School has been easier this week but we’re making visible progress and I’m so thrilled! Be it reading clocks or spelling from memory (teaching spelling makes me hate the English language. I can’t teach a single rule without first prefacing, “this is how it usually is but there’s ALWAYS exceptions…”) This morning we had a group craft with the other kids here. With eyes wide, the kids took in the table stacked with popsicle sticks, paint, glitter and felt and then the hurricane hit and things got messy. A wonderful sight! From bird feeders to raft boats to animals, it was messy and awesome! The table only took a few hits thankfully, where the tablecloth ended and the young ones ensured that paint showed up. I love seeing the differing types of creativity in kids though! I really love the kids here, even when they’re HANGRY. (It is a REAL thing.)

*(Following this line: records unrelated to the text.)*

text \<open>Truncation at level \<open>c\<close> splits the average into a bounded part, handled by Hoeffding's
  inequality, and a remainder whose mean tends to \<open>0\<close> as \<open>c \<rightarrow> \<infinity>\<close>, handled by Markov's inequality.\<close>

lemma (in prob_space) prob_average_deviation_le:
  fixes U :: "nat \<Rightarrow> 'a \<Rightarrow> real"
  assumes ind: "indep_vars (\<lambda>_. borel) U UNIV"
    and ident: "\<And>i. distr M borel (U i) = distr M borel (U 0)"
    and int: "integrable M (U 0)"
    and "0 < c" "0 < e" "0 < n"
    and tail: "expectation (\<lambda>\<omega>. \<bar>U 0 \<omega> - clip c (U 0 \<omega>)\<bar>) < e / 3"
  shows "prob {\<omega> \<in> space M. e < \<bar>(\<Sum>i<n. U i \<omega>) / real n - expectation (U 0)\<bar>}
           \<le> 2 * exp (- ((e / 3)\<^sup>2 / (2 * c\<^sup>2) * real n))
             + expectation (\<lambda>\<omega>. \<bar>U 0 \<omega> - clip c (U 0 \<omega>)\<bar>) / (e / 3)"
proof -
  have [measurable]: "U i \<in> borel_measurable M" for i
    using ind unfolding indep_vars_def by auto
  have int_U: "integrable M (U i)" for i
    using identically_distributed_expectation(1)[OF ident] int by auto
  have int_clip: "integrable M (\<lambda>\<omega>. clip c (U i \<omega>))" for i
    by (rule Bochner_Integration.integrable_bound[where f="\<lambda>_. c"]) (use \<open>0 < c\<close> in \<open>auto simp: clip_def\<close>)
  define residual where "residual i \<omega> = \<bar>U i \<omega> - clip c (U i \<omega>)\<bar>" for i \<omega>
  have residual_int: "integrable M (residual i)" for i
    unfolding residual_def using int_U int_clip by auto
  have residual_mean: "expectation (residual i) = expectation (residual 0)" for i
    using identically_distributed_expectation(2)[OF distr_compose_eq[of M borel U i 0
        "\<lambda>x. \<bar>x - clip c x\<bar>" borel, OF ident]]
    unfolding residual_def by simp
  define A where "A = {\<omega> \<in> space M.
    e / 3 \<le> \<bar>(\<Sum>i<n. clip c (U i \<omega>)) / real n - expectation (\<lambda>\<omega>. clip c (U 0 \<omega>))\<bar>}"
  define B where "B = {\<omega> \<in> space M. e / 3 \<le> (\<Sum>i<n. residual i \<omega>) / real n}"
  have mean_gap: "\<bar>expectation (U 0) - expectation (\<lambda>\<omega>. clip c (U 0 \<omega>))\<bar> \<le> expectation (residual 0)"
    using integral_abs_bound[of M "\<lambda>\<omega>. U 0 \<omega> - clip c (U 0 \<omega>)"] int_U int_clip
    unfolding residual_def by simp
  have "{\<omega> \<in> space M. e < \<bar>(\<Sum>i<n. U i \<omega>) / real n - expectation (U 0)\<bar>} \<subseteq> A \<union> B"
  proof
    fix \<omega> assume \<omega>: "\<omega> \<in> {\<omega> \<in> space M. e < \<bar>(\<Sum>i<n. U i \<omega>) / real n - expectation (U 0)\<bar>}"
    have "e < \<bar>(\<Sum>i<n. clip c (U i \<omega>)) / real n - expectation (\<lambda>\<omega>. clip c (U 0 \<omega>))\<bar>
        + (\<Sum>i<n. residual i \<omega>) / real n + e / 3"
      using \<omega> mean_gap tail abs_average_diff_le[of "\<lambda>i. U i \<omega>" n "expectation (U 0)"
          "\<lambda>i. clip c (U i \<omega>)" "expectation (\<lambda>\<omega>. clip c (U 0 \<omega>))"]
      unfolding residual_def by auto
    then have "e / 3 \<le> \<bar>(\<Sum>i<n. clip c (U i \<omega>)) / real n - expectation (\<lambda>\<omega>. clip c (U 0 \<omega>))\<bar>
        \<or> e / 3 \<le> (\<Sum>i<n. residual i \<omega>) / real n"
      by linarith
    then show "\<omega> \<in> A \<union> B"
      using \<omega> unfolding A_def B_def by blast
  qed
  then have "prob {\<omega> \<in> space M. e < \<bar>(\<Sum>i<n. U i \<omega>) / real n - expectation (U 0)\<bar>} \<le> prob A + prob B"
    by (intro order_trans[OF finite_measure_mono measure_subadditive]) (auto simp: A_def B_def residual_def)
  moreover have "prob A \<le> 2 * exp (- ((e / 3)\<^sup>2 / (2 * c\<^sup>2) * real n))"
    unfolding A_def using Hoeffding_ineq_clip[OF ind ident, of c "e / 3" n] assms(4-6) by simp
  moreover have "prob B \<le> expectation (residual 0) / (e / 3)"
    unfolding B_def using \<open>0 < e\<close> \<open>0 < n\<close>
    by (intro prob_average_ge_le[where V=residual, OF residual_int _ residual_mean]) (auto simp: residual_def)
  ultimately show ?thesis
    unfolding residual_def by linarith
qed
(* Let $X_1,\dots,X_n$ be independent with $X_i\sim\mathrm{Bernoulli}(p_i)$, $\lambda=\sum_{i=1}^np_i$, and let $\alpha_1,\dots,\alpha_n$ be i.i.d., independent of the $X_i$, with $\Pr(\alpha_i=1)=\Pr(\alpha_i=2)=1/2$. Let $S_n=\sum_{i=1}^n\alpha_iX_i$. Then $$D\big(P_{S_n}\,\|\,\mathrm{Po}(\lambda/2,\lambda/2)\big)\le\sum_{i=1}^np_i^2.$$
   Context: $\mathrm{Po}(\lambda/2,\lambda/2)$ denotes the compound Poisson distribution of $Z_1+2Z_2$, where $Z_1,Z_2$ are i.i.d. Poisson with mean $\lambda/2$. $D(P\|Q)=\sum_xP(x)\log\frac{P(x)}{Q(x)}$ is relative entropy with natural logarithm. *)

theory Defs
  imports "HOL-Probability.Probability"
begin

definition po_pmf :: "real \<Rightarrow> nat pmf" where
  "po_pmf r = (if r > 0 then poisson_pmf r else return_pmf 0)"

text \<open>Compound Poisson Po(a,b): law of Z1 + 2 Z2 with Z1 ~ Po(a), Z2 ~ Po(b) independent.\<close>
definition cpo_pmf :: "real \<Rightarrow> real \<Rightarrow> nat pmf" where
  "cpo_pmf a b = map_pmf (\<lambda>(z1, z2). z1 + 2 * z2) (pair_pmf (po_pmf a) (po_pmf b))"

definition rel_entropy :: "'a pmf \<Rightarrow> 'a pmf \<Rightarrow> ereal" where
  "rel_entropy P Q =
     (if set_pmf P \<subseteq> set_pmf Q
      then ereal (\<Sum>\<^sub>\<infinity>x\<in>set_pmf P. pmf P x * ln (pmf P x / pmf Q x))
      else \<infinity>)"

One other project I did this week was taking pictures in the pediatric ward at the hospital highlighting the lack of mosquito nets available. Since it’s the rainy season, the ward is overflowing with kids due to malaria and other things more common in the rainy season. But it was a huge step out of my comfort zone. I love taking pictures, but taking pictures of people I don’t know is uncomfortable. But I was determined to just do it before I could think too much about it, so I asked a nurse to come translate for me and we went to some of the different rooms and asked if we could take pictures. I was expecting opposition, understandably, but surprisingly received none. It’s always sobering to walk through a hospital. Every time I do, whether it’s in the general ward or pediatric, there are always stories. Many that I never learn, but the ones I do learn make you take a step back and just appreciate life a bit more. One time Dustin and I went to take a few ladies who were bedridden outside in wheelchairs, and it was something else to see them enjoy the sunshine and fresh air that they hadn’t been able to take in for too long. Despite the pain of the wheelchairs going over bumps, you could tell that the fresh air was a welcome gift. I picked a flower for each of them and both ladies held onto it the entire time. I’m annoyed at myself for not making it back there to take them for a walk again, but when the next clear day comes and someone strong to lift them is available, I’m hoping to get them some fresh air again.
So welcome to another week in Malawi. Good luck to all the high school basketballers in Walla Walla this weekend! Stay safe and score high. And to my favorite people at home, I cannot express my gratitude to you. I have never once questioned the support from home, and that is truly amazing. From church members to family members to friends, I wouldn’t be here without you, so thank you. And I sincerely apologize for being a sap, but people are too often unappreciated and I’m willing to bore a few people if it means some others will smile.
Tionana!
I'm so glad your daddy is making you take pictures! Thanks for sharing them and your heart! So great to see you soaking it all in! Prayers for you!